The New Gallery was founded in 1888 by J. Comyns Carr and Charles Edward Hallé. Carr and Hallé had been co-directors of Sir Coutts Lindsay's Grosvenor Gallery, but resigned from that troubled gallery in 1887. The building was designed by Edward Robert RobsonFSA, and constructed in little more than three months to ensure that it could open in the summer of 1888. The gallery was built on the site of an old fruit market. Existing cast-iron columns supporting the roof were encased with marble to give the impression of "massive marble shafts" topped with gilded Greek capitals. The architrave, frieze, and cornices above the columns were covered with platinum leaf. At the opening, the West and North Galleries on the ground floor were devoted to oil paintings, and the first floor balcony around the Central Hall displayed smaller works in oils, watercolours, etchings and drawings. Sculpture was displayed in the Central Hall itself.
Artists and exhibitions
The New Gallery continued the ideals of the Grosvenor, and was an important venue for Pre-Raphaelite and Aesthetic movement artists. Edward Burne-Jones, then at the height of his popularity, supported the new venture, serving on its Consulting Committee and lending three large oils for the opening, thus ensuring its financial success. Lawrence Alma-Tadema and William Holman Hunt also joined the Consulting Committee, and George Frederic Watts and Lord Leighton transferred their loyalty to the New Gallery. The private view of the first exhibition was held on Tuesday, 8 May 1888, and the exhibition opened to the public on Wednesday, 9 May, for three months. The private view was a great social success, with former Prime Minister William Ewart Gladstone among the early arrivals. In October and November 1888, the New Gallery hosted the first showcase of industrial and applied arts by the Arts and Crafts Exhibition Society under the direction of its founding president, illustrator and designer Walter Crane. No attempt had been made to show contemporary decorative arts in London since the Grosvenor Gallery's Winter Exhibition of 1881, which included cartoons for mosaic, tapestry, and glass, and the Society's annual exhibitions at the New Gallery were important events in the Arts and Crafts Movement at the end of the 19th century. In 1890, the New Gallery held an important exhibition of Tudor portraits and relics under the auspices of Queen Victoria. The New Gallery was the setting for a major Burne-Jones retrospective in 1892–93 and a memorial exhibition of his works in 1898. In 1893 the New Gallery exposed for the first time four panels by Masaccio, later attributed to the Pisa Polyptych. Carr continued as co-director until 1908. The Arts and Crafts Exhibition of 1910 was the last to be held at the New Gallery.
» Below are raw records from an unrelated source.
lemma mclos_subset_FC:
  assumes "W \<subseteq> FC P jn mt"
  shows "mclos P jn mt W \<subseteq> FC P jn mt"
proof
  fix c assume "c \<in> mclos P jn mt W"
  then obtain U where U: "finite U" "U \<noteq> {}" "U \<subseteq> W" and c: "c = FInf P jn mt U"
    unfolding mclos_def mem_Collect_eq by (elim exE conjE) (rule that)
  have "is_glb_in (FC P jn mt) (FLe P jn mt) U (FInf P jn mt U)"
    using U assms by (intro FInf_is_glb) auto
  then show "c \<in> FC P jn mt" unfolding c is_glb_in_def by simp
qed

lemma subset_mclos:
  assumes "W \<subseteq> FC P jn mt"
  shows "W \<subseteq> mclos P jn mt W"
proof
  fix w assume w: "w \<in> W"
  then have "w = FInf P jn mt {w}" using FInf_singleton[of w P jn mt] assms by auto
  then show "w \<in> mclos P jn mt W" unfolding mclos_def using w by blast
qed

lemma mclos_jclos_iterate_props:
  assumes "finite P" "P \<noteq> {}"
  shows "finite (((mclos P jn mt \<circ> jclos P jn mt) ^^ k) (FGen P jn mt ` P))
    \<and> ((mclos P jn mt \<circ> jclos P jn mt) ^^ k) (FGen P jn mt ` P) \<subseteq> FC P jn mt
    \<and> FGen P jn mt ` P \<subseteq> ((mclos P jn mt \<circ> jclos P jn mt) ^^ k) (FGen P jn mt ` P)"
proof (induction k)
  case 0
  then show ?case using assms(1) by (auto intro: FGen_in_FC)
next
  case (Suc k)
  let ?W = "((mclos P jn mt \<circ> jclos P jn mt) ^^ k) (FGen P jn mt ` P)"
  have W: "finite ?W" "?W \<subseteq> FC P jn mt" "FGen P jn mt ` P \<subseteq> ?W"
    using Suc.IH unfolding comp_def by auto
  have J: "finite (jclos P jn mt ?W)" "jclos P jn mt ?W \<subseteq> FC P jn mt"
    using finite_jclos[OF W(1)] jclos_subset_FC[OF assms W(2)] .
  have "FGen P jn mt ` P \<subseteq> mclos P jn mt (jclos P jn mt ?W)"
    using W(3) subset_trans[OF subset_jclos[OF W(2)] subset_mclos[OF J(2)]] by (rule subset_trans)
  moreover have "((mclos P jn mt \<circ> jclos P jn mt) ^^ Suc k) (FGen P jn mt ` P)
      = mclos P jn mt (jclos P jn mt ?W)" by simp
  ultimately show ?case using finite_mclos[OF J(1)] mclos_subset_FC[OF J(2)] by (simp only:)
qed

lemma Sn_props:
  assumes "finite P" "P \<noteq> {}"
  shows "finite (Sn P jn mt n)" "Sn P jn mt n \<subseteq> FC P jn mt" "FGen P jn mt ` P \<subseteq> Sn P jn mt n"
proof -
  let ?W = "((mclos P jn mt \<circ> jclos P jn mt) ^^ n) (FGen P jn mt ` P)"
  have W: "finite ?W" "?W \<subseteq> FC P jn mt" "FGen P jn mt ` P \<subseteq> ?W"
    using mclos_jclos_iterate_props[OF assms, where k = n] by auto
  show "finite (Sn P jn mt n)" unfolding Sn_def using W(1) by (rule finite_jclos)
  show "Sn P jn mt n \<subseteq> FC P jn mt" unfolding Sn_def using W(2) by (rule jclos_subset_FC[OF assms])
  show "FGen P jn mt ` P \<subseteq> Sn P jn mt n" unfolding Sn_def using W(3) subset_jclos[OF W(2)] by (rule subset_trans)
qed

lemma FLe_std_hom_iff:
  assumes "finite P" "P \<noteq> {}" "finite S" "S \<subseteq> FC P jn mt" "d \<in> S" "c \<in> FC P jn mt"
  shows "FLe P jn mt d (std_hom P jn mt S c) \<longleftrightarrow> FLe P jn mt d c"
proof
  have lub: "is_lub_in (FC P jn mt) (FLe P jn mt) {w \<in> S. FLe P jn mt w c} (std_hom P jn mt S c)"
    unfolding std_hom_def using assms(1-4) by (intro FSup_is_lub) auto
  then have below: "FLe P jn mt (std_hom P jn mt S c) c" and "std_hom P jn mt S c \<in> FC P jn mt"
    using assms(6) unfolding is_lub_in_def by auto
  show "FLe P jn mt d c" if "FLe P jn mt d (std_hom P jn mt S c)"
    using FLe_trans[OF _ \<open>std_hom P jn mt S c \<in> FC P jn mt\<close> assms(6) that below] assms(4,5) by blast
  show "FLe P jn mt d (std_hom P jn mt S c)" if "FLe P jn mt d c"
    using lub that assms(5) unfolding is_lub_in_def by blast
qed
lemma inner_matrix_sandwich_le_weighted_squares:
  fixes M :: "real^'m^'m" and W :: "real^'r^'r" and D U :: "real^'r^'m"
  assumes "nonneg_mat M" "nonneg_mat W" "transpose M = M" "transpose W = W"
    and "nonneg_mat U" "\<And>a i. U$a$i = 0 \<Longrightarrow> D$a$i = 0"
  shows "inner (M ** D ** W) D \<le> (\<Sum>a\<in>UNIV. \<Sum>i\<in>UNIV. (D$a$i)^2 / U$a$i * (M ** U ** W)$a$i)"
proof -
  define C :: "'m \<times> 'r \<Rightarrow> 'm \<times> 'r \<Rightarrow> real"
    where "C p q = M $ fst p $ fst q * W $ snd q $ snd p" for p q
  have M_sym: "M$a$b = M$b$a" for a b
    using assms(3) by (metis transpose_def vec_lambda_beta)
  have W_sym: "W$i$j = W$j$i" for i j
    using assms(4) by (metis transpose_def vec_lambda_beta)
  have "inner (M ** D ** W) D
      = (\<Sum>p\<in>UNIV. \<Sum>q\<in>UNIV. C p q * D $ fst p $ snd p * D $ fst q $ snd q)"
    by (simp add: inner_matrix matrix_mult_three_entry sum_UNIV_prod C_def sum_distrib_left mult_ac)
  also have "\<dots> \<le> (\<Sum>p\<in>UNIV. (D $ fst p $ snd p)^2 / U $ fst p $ snd p
                       * (\<Sum>q\<in>UNIV. C p q * U $ fst q $ snd q))"
    by (rule quadratic_form_le_weighted_squares)
      (use assms M_sym W_sym in \<open>auto simp: C_def nonneg_mat_def\<close>)
  also have "\<dots> = (\<Sum>a\<in>UNIV. \<Sum>i\<in>UNIV. (D$a$i)^2 / U$a$i * (M ** U ** W)$a$i)"
    by (simp add: matrix_mult_three_entry sum_UNIV_prod C_def)
  finally show ?thesis .
qed

lemma multiplicative_step_entry:
  fixes m n u :: real
  assumes "0 < m" "0 \<le> u"
  shows "2 * ((m - n) * (u * (n / m) - u)) + (u * (n / m) - u)^2 / u * m \<le> 0"
proof (cases "u = 0")
  case False
  have "2 * ((m - n) * (u * (n / m) - u)) + (u * (n / m) - u)^2 / u * m = - (u * (n - m)^2 / m)"
    using False assms by (simp add: field_simps power2_eq_square)
  also have "\<dots> \<le> 0"
    using assms by simp
  finally show ?thesis .
qed simp

lemma multiplicative_update_descent:
  fixes M :: "real^'m^'m" and W :: "real^'r^'r" and U N :: "real^'r^'m"
  assumes M: "nonneg_mat M" "transpose M = M" and W: "nonneg_mat W" "transpose W = W"
    and U: "nonneg_mat U" and N: "nonneg_mat N" and pos: "pos_mat (M ** U ** W)"
  defines "U' \<equiv> had U (ediv N (M ** U ** W))"
  shows "nonneg_mat U'"
    and "2 * inner (M ** U ** W - N) (U' - U) + inner (M ** (U' - U) ** W) (U' - U) \<le> 0"
proof -
  define Dn where "Dn = M ** U ** W"
  define D where "D = U' - U"
  have D_entry: "D$a$i = U$a$i * (N$a$i / Dn$a$i) - U$a$i" for a i
    by (simp add: D_def U'_def Dn_def had_def ediv_def)
  have Dn_pos: "0 < Dn$a$i" for a i
    using pos by (simp add: Dn_def pos_mat_def)
  show "nonneg_mat U'"
    using U N Dn_pos unfolding U'_def Dn_def nonneg_mat_def had_def ediv_def
    by (auto intro!: mult_nonneg_nonneg divide_nonneg_pos)
  have "inner (M ** D ** W) D \<le> (\<Sum>a\<in>UNIV. \<Sum>i\<in>UNIV. (D$a$i)^2 / U$a$i * Dn$a$i)"
    unfolding Dn_def using M W U by (intro inner_matrix_sandwich_le_weighted_squares) (auto simp: D_entry)
  moreover have "2 * inner (Dn - N) D + (\<Sum>a\<in>UNIV. \<Sum>i\<in>UNIV. (D$a$i)^2 / U$a$i * Dn$a$i)
      = (\<Sum>a\<in>UNIV. \<Sum>i\<in>UNIV. 2 * ((Dn$a$i - N$a$i) * D$a$i) + (D$a$i)^2 / U$a$i * Dn$a$i)"
    by (simp add: inner_matrix sum.distrib sum_distrib_left)
  moreover have "\<dots> \<le> 0"
    unfolding D_entry using U Dn_pos
    by (intro sum_nonpos multiplicative_step_entry) (auto simp: nonneg_mat_def)
  ultimately show "2 * inner (M ** U ** W - N) (U' - U) + inner (M ** (U' - U) ** W) (U' - U) \<le> 0"
    by (simp add: D_def Dn_def)
qed

definition shifted_gram :: "real^'m^'k \<Rightarrow> real \<Rightarrow> real^'m^'m" where
  "shifted_gram A sig = transpose A ** A + sig *\<^sub>R J"

text \<open>Half the Hessian of the objective as a function of Z = U V^T.\<close>

definition half_hessian :: "real^'m^'k \<Rightarrow> real \<Rightarrow> real \<Rightarrow> real^'m^'m" where
  "half_hessian A lam sig = shifted_gram A sig + lam *\<^sub>R mat 1"

lemma shifted_gram_symmetric:
  fixes A :: "real^'m^'k"
  shows "transpose (shifted_gram A sig) = shifted_gram A sig"
proof -
  have "transpose J = (J :: real^'m^'m)"
    by (simp add: transpose_def J_def)
  then show ?thesis
    by (simp add: shifted_gram_def transpose_add transpose_scalar matrix_transpose_mul)
qed

lemma half_hessian_symmetric: "transpose (half_hessian A lam sig) = half_hessian A lam sig"
  by (simp add: half_hessian_def transpose_add transpose_scalar shifted_gram_symmetric)

lemma shifted_gram_nonneg:
  fixes A :: "real^'m^'k"
  assumes "sig \<ge> Max ((\<lambda>(a, b). negpart ((transpose A ** A) $ a $ b)) ` UNIV)"
  shows "nonneg_mat (shifted_gram A sig)"
  unfolding nonneg_mat_def
proof (intro allI)
  fix a b
  have "negpart ((transpose A ** A) $ a $ b) \<le> Max ((\<lambda>(a, b). negpart ((transpose A ** A) $ a $ b)) ` UNIV)"
    by (rule Max_ge) (auto intro: image_eqI[where x = "(a, b)"])
  with assms have "negpart ((transpose A ** A) $ a $ b) \<le> sig"
    by linarith
  then show "0 \<le> shifted_gram A sig $ a $ b"
    by (auto simp: shifted_gram_def J_def negpart_def min_def split: if_splits)
qed
text \<open>Write \<open>s = sqrt m\<close>. The all-ones vector lies in the kernel of \<open>M\<close>, since \<open>A 1 = d\<close>. A vector
  vanishing at the centre with entry sum 0 is an eigenvector for \<open>s\<close>: \<open>A\<close> acts on it as \<open>s\<close> and it is
  orthogonal to \<open>d\<close>. Completing \<open>1\<close> and the \<open>m - 1\<close> vectors \<open>e\<^sub>j - e\<^sub>m\<close> by the centre \<open>e\<^sub>0\<close> gives a
  basis in which \<open>M\<close> is upper triangular with diagonal \<open>0, s, \<dots>, s, \<lambda>\<close> and \<open>\<lambda> < s\<close>, so
  \<open>\<chi>\<^sub>M(t) = t (t - s)\<^sup>m\<^sup>-\<^sup>1 (t - \<lambda>)\<close>. Conversely, the eigen-equations at the centre and at one leaf
  force \<open>d\<^sup>T x = 0\<close> and \<open>x\<^sub>0 = 0\<close>. A nonzero eigenvector for \<open>s\<close> thus has positive entries, all at
  leaves; leaves are pairwise non-adjacent, so the positive support is connected iff it is a single node.\<close>

lemma mult_mat_vec_unit_vec:
  fixes A :: "'a::semiring_1 mat"
  assumes "A \<in> carrier_mat nr n" and "j < n"
  shows "A *\<^sub>v unit_vec n j = col A j"
  using assms by (intro eq_vecI) auto

lemma similar_mat_if_intertwined:
  fixes A :: "'a::field mat"
  assumes "A \<in> carrier_mat n n" "B \<in> carrier_mat n n" "P \<in> carrier_mat n n" "Q \<in> carrier_mat n n"
    and "Q * P = 1\<^sub>m n" and "A * P = P * B"
  shows "similar_mat A B"
proof -
  have PQ: "P * Q = 1\<^sub>m n" using mat_mult_left_right_inverse[of Q n P] assms by auto
  have "A = A * (P * Q)" using assms(1) by (simp add: PQ)
  also have "\<dots> = P * B * Q" using assms by (simp add: assoc_mult_mat[symmetric, of A n n P n Q n])
  finally show ?thesis using assms PQ by (intro similar_matI[of A B P Q n]) auto
qed

lemma order_linear_power_factor:
  fixes p q :: "'a::idom poly"
  assumes "poly p a \<noteq> 0" and "poly q a \<noteq> 0"
  shows "order a (p * [:-a, 1:] ^ k * q) = k"
proof -
  have "p \<noteq> 0" "q \<noteq> 0" using assms by auto
  then have "p * [:-a, 1:] ^ k \<noteq> 0" "p * [:-a, 1:] ^ k * q \<noteq> 0" by auto
  then show ?thesis using assms by (simp add: order_mult order_0I)
qed

lemma positive_entry_if_sum_zero:
  fixes x :: "real vec"
  assumes "x \<in> carrier_vec n" "x \<noteq> 0\<^sub>v n" and "(\<Sum>i<n. x $ i) = 0"
  shows "\<exists>i<n. x $ i > 0"
proof (rule ccontr)
  assume "\<not> ?thesis"
  then have "\<forall>i\<in>{..<n}. - x $ i = 0"
    using sum_nonneg_eq_0_iff[of "{..<n}" "\<lambda>i. - x $ i"] assms(3) by (force simp: sum_negf)
  then have "x = 0\<^sub>v n" using assms(1) by (intro eq_vecI) auto
  with assms(2) show False ..
qed

lemma deg_vec_carrier: "A \<in> carrier_mat n n \<Longrightarrow> deg_vec A \<in> carrier_vec n"
  unfolding deg_vec_def ones_vec_def by (intro mult_mat_vec_carrier) auto

lemma modularity_mat_mult_vec:
  assumes A: "A \<in> carrier_mat n n" and x: "x \<in> carrier_vec n"
  shows "modularity_mat A *\<^sub>v x
    = A *\<^sub>v x - ((deg_vec A \<bullet> x) / (ones_vec n \<bullet> deg_vec A)) \<cdot>\<^sub>v deg_vec A"
proof -
  define d where "d = deg_vec A"
  define c where "c = 1 / (ones_vec n \<bullet> d)"
  define D where "D = mat n n (\<lambda>(i, j). d $ i * d $ j)"
  have d: "d \<in> carrier_vec n" unfolding d_def using A by (rule deg_vec_carrier)
  have D: "c \<cdot>\<^sub>m D \<in> carrier_mat n n" by (simp add: D_def)
  have "(c \<cdot>\<^sub>m D) *\<^sub>v x = (c * (d \<bullet> x)) \<cdot>\<^sub>v d"
  proof (rule eq_vecI)
    fix i assume "i < dim_vec ((c * (d \<bullet> x)) \<cdot>\<^sub>v d)"
    then have i: "i < n" using d by simp
    have "((c \<cdot>\<^sub>m D) *\<^sub>v x) $ i = (\<Sum>j<n. c * (d $ i * d $ j) * x $ j)"
      using i x by (simp add: D_def scalar_prod_def lessThan_atLeast0)
    also have "\<dots> = c * (\<Sum>j<n. d $ j * x $ j) * d $ i"
      by (simp add: sum_distrib_left mult_ac)
    finally show "((c \<cdot>\<^sub>m D) *\<^sub>v x) $ i = ((c * (d \<bullet> x)) \<cdot>\<^sub>v d) $ i"
      using i d x by (simp add: scalar_prod_def lessThan_atLeast0)
  qed (simp add: D_def carrier_vecD[OF d])
  moreover have "modularity_mat A = A - c \<cdot>\<^sub>m D"
    using A by (simp add: modularity_mat_def d_def c_def D_def)
  ultimately show ?thesis using minus_mult_distrib_mat_vec[OF A D x] by (simp add: c_def d_def)
qed

lemma modularity_mat_mult_ones:
  assumes A: "A \<in> carrier_mat n n" and "ones_vec n \<bullet> deg_vec A \<noteq> 0"
  shows "modularity_mat A *\<^sub>v ones_vec n = 0\<^sub>v n"
proof -
  have one: "ones_vec n \<in> carrier_vec n" and d: "deg_vec A \<in> carrier_vec n"
    using A by (simp_all add: ones_vec_def deg_vec_carrier)
  have "deg_vec A \<bullet> ones_vec n = ones_vec n \<bullet> deg_vec A" by (rule comm_scalar_prod[OF d one])
  then show ?thesis
    using assms d by (simp add: modularity_mat_mult_vec[OF A one]) (simp add: deg_vec_def)
qed

lemma zero_smult_vec [simp]: "(0 :: 'a::semiring_0) \<cdot>\<^sub>v v = 0\<^sub>v (dim_vec v)"
  by (intro eq_vecI) auto

lemma sum_vec_tail_eq: "(\<Sum>j<m. (x :: 'a::ab_group_add vec) $ Suc j) = (\<Sum>i<Suc m. x $ i) - x $ 0"
  by (simp add: sum.lessThan_Suc_shift del: sum.lessThan_Suc)

lemma star_loop_mat_carrier: "star_loop_mat m \<in> carrier_mat (Suc m) (Suc m)"
  by (simp add: star_loop_mat_def)

lemma star_loop_mat_mult_vec:
  assumes x: "x \<in> carrier_vec (Suc m)" and i: "i < Suc m"
  shows "(star_loop_mat m *\<^sub>v x) $ i
    = (if i = 0 then sqrt (real m) * x $ 0 + (\<Sum>j<m. x $ Suc j) else x $ 0 + sqrt (real m) * x $ i)"
proof -
  have "(star_loop_mat m *\<^sub>v x) $ i = (\<Sum>j<Suc m. star_loop_mat m $$ (i, j) * x $ j)"
    using x i by (simp add: star_loop_mat_def scalar_prod_def lessThan_atLeast0)
  also have "\<dots> = (\<Sum>j<Suc m. (if j = i then sqrt (real m) * x $ j else 0)
      + (if i = 0 \<and> j \<noteq> 0 then x $ j else 0) + (if i \<noteq> 0 \<and> j = 0 then x $ j else 0))"
    using i by (intro sum.cong) (auto simp: star_loop_mat_def)
  also have "\<dots> = (\<Sum>j<Suc m. if j = i then sqrt (real m) * x $ j else 0)
      + (\<Sum>j<Suc m. if i = 0 \<and> j \<noteq> 0 then x $ j else 0)
      + (\<Sum>j<Suc m. if i \<noteq> 0 \<and> j = 0 then x $ j else 0)"
    by (simp only: sum.distrib)
  also have "(\<Sum>j<Suc m. if j = i then sqrt (real m) * x $ j else 0) = sqrt (real m) * x $ i"
    using i by (simp add: sum.delta')
  also have "(\<Sum>j<Suc m. if i = 0 \<and> j \<noteq> 0 then x $ j else 0) = (if i = 0 then (\<Sum>j<m. x $ Suc j) else 0)"
    by (simp add: sum.lessThan_Suc_shift del: sum.lessThan_Suc)
  also have "(\<Sum>j<Suc m. if i \<noteq> 0 \<and> j = 0 then x $ j else 0) = (if i \<noteq> 0 then x $ 0 else 0)"
    by (simp add: sum.lessThan_Suc_shift del: sum.lessThan_Suc)
  finally show ?thesis by auto
qed

definition star_degree :: "nat \<Rightarrow> nat \<Rightarrow> real" where
  "star_degree m i = (if i = 0 then sqrt (real m) + real m else sqrt (real m) + 1)"

definition star_total_degree :: "nat \<Rightarrow> real" where
  "star_total_degree m = (sqrt (real m) + real m) + (sqrt (real m) + 1) * real m"

lemma deg_vec_star_loop_mat: "deg_vec (star_loop_mat m) = vec (Suc m) (star_degree m)"
proof (rule eq_vecI)
  fix i assume "i < dim_vec (vec (Suc m) (star_degree m))"
  then have "i < Suc m" by simp
  then show "deg_vec (star_loop_mat m) $ i = vec (Suc m) (star_degree m) $ i"
    using star_loop_mat_mult_vec[of "ones_vec (Suc m)" m i] star_loop_mat_carrier[of m]
    by (simp add: deg_vec_def ones_vec_def star_degree_def)
qed (simp add: deg_vec_def star_loop_mat_def)

lemma star_degree_scalar_prod:
  assumes "x \<in> carrier_vec (Suc m)"
  shows "deg_vec (star_loop_mat m) \<bullet> x
    = (sqrt (real m) + real m) * x $ 0 + (sqrt (real m) + 1) * (\<Sum>j<m. x $ Suc j)"
  using assms
  by (simp add: deg_vec_star_loop_mat scalar_prod_def lessThan_atLeast0[symmetric] star_degree_def
      sum.lessThan_Suc_shift sum_distrib_left del: sum.lessThan_Suc)

lemma star_total_degree_eq: "ones_vec (Suc m) \<bullet> deg_vec (star_loop_mat m) = star_total_degree m"
proof -
  have "ones_vec (Suc m) \<bullet> deg_vec (star_loop_mat m) = deg_vec (star_loop_mat m) \<bullet> ones_vec (Suc m)"
    by (rule comm_scalar_prod[of _ "Suc m"]) (auto simp: ones_vec_def deg_vec_star_loop_mat)
  then show ?thesis by (simp add: star_degree_scalar_prod ones_vec_def star_total_degree_def)
qed

lemma star_total_degree_pos: "m \<ge> 1 \<Longrightarrow> star_total_degree m > 0"
  unfolding star_total_degree_def by (simp add: add_pos_nonneg)

lemma star_modularity_mat_carrier: "modularity_mat (star_loop_mat m) \<in> carrier_mat (Suc m) (Suc m)"
  unfolding modularity_mat_def using star_loop_mat_carrier[of m] by (intro minus_carrier_mat) auto

lemma star_modularity_mat_mult_vec:
  assumes x: "x \<in> carrier_vec (Suc m)" and i: "i < Suc m"
  shows "(modularity_mat (star_loop_mat m) *\<^sub>v x) $ i = (star_loop_mat m *\<^sub>v x) $ i
    - star_degree m i * ((sqrt (real m) + real m) * x $ 0 + (sqrt (real m) + 1) * (\<Sum>j<m. x $ Suc j))
      / star_total_degree m"
proof -
  have "deg_vec (star_loop_mat m) $ i = star_degree m i" "deg_vec (star_loop_mat m) \<in> carrier_vec (Suc m)"
    using i by (simp_all add: deg_vec_star_loop_mat)
  then show ?thesis using x i
    by (simp add: modularity_mat_mult_vec[OF star_loop_mat_carrier x] star_total_degree_eq
        star_degree_scalar_prod)
qed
Later uses for the building
In 1910, the interior was converted into The New Gallery Restaurant, but it was converted again in January 1913, this time to a cinema. Enlargement and modifications were made to the cinema in 1925, including the installation of a Wurlitzer organ. It was the location of the UK showing of the first full-length animated cartoon, Snow White and the Seven Dwarfs in 1938. After World War II the cinema struggled, partly because it was slightly off-West End, and the then owners, Gaumont British Theatres. sold the lease to the Seventh-day Adventist Church and was used as a church from 1953 until the 1990s, although the cinema was occasionally used for religious films. It remained empty until 2006, when it became a Habitat furniture store. The Wurlitzer organ remained in place and was restored to its original condition. Habitat surrendered the lease in March 2011, and in September 2012 the site become a flagship store for Burberry. The New Gallery became a Grade II Listed building in 1992.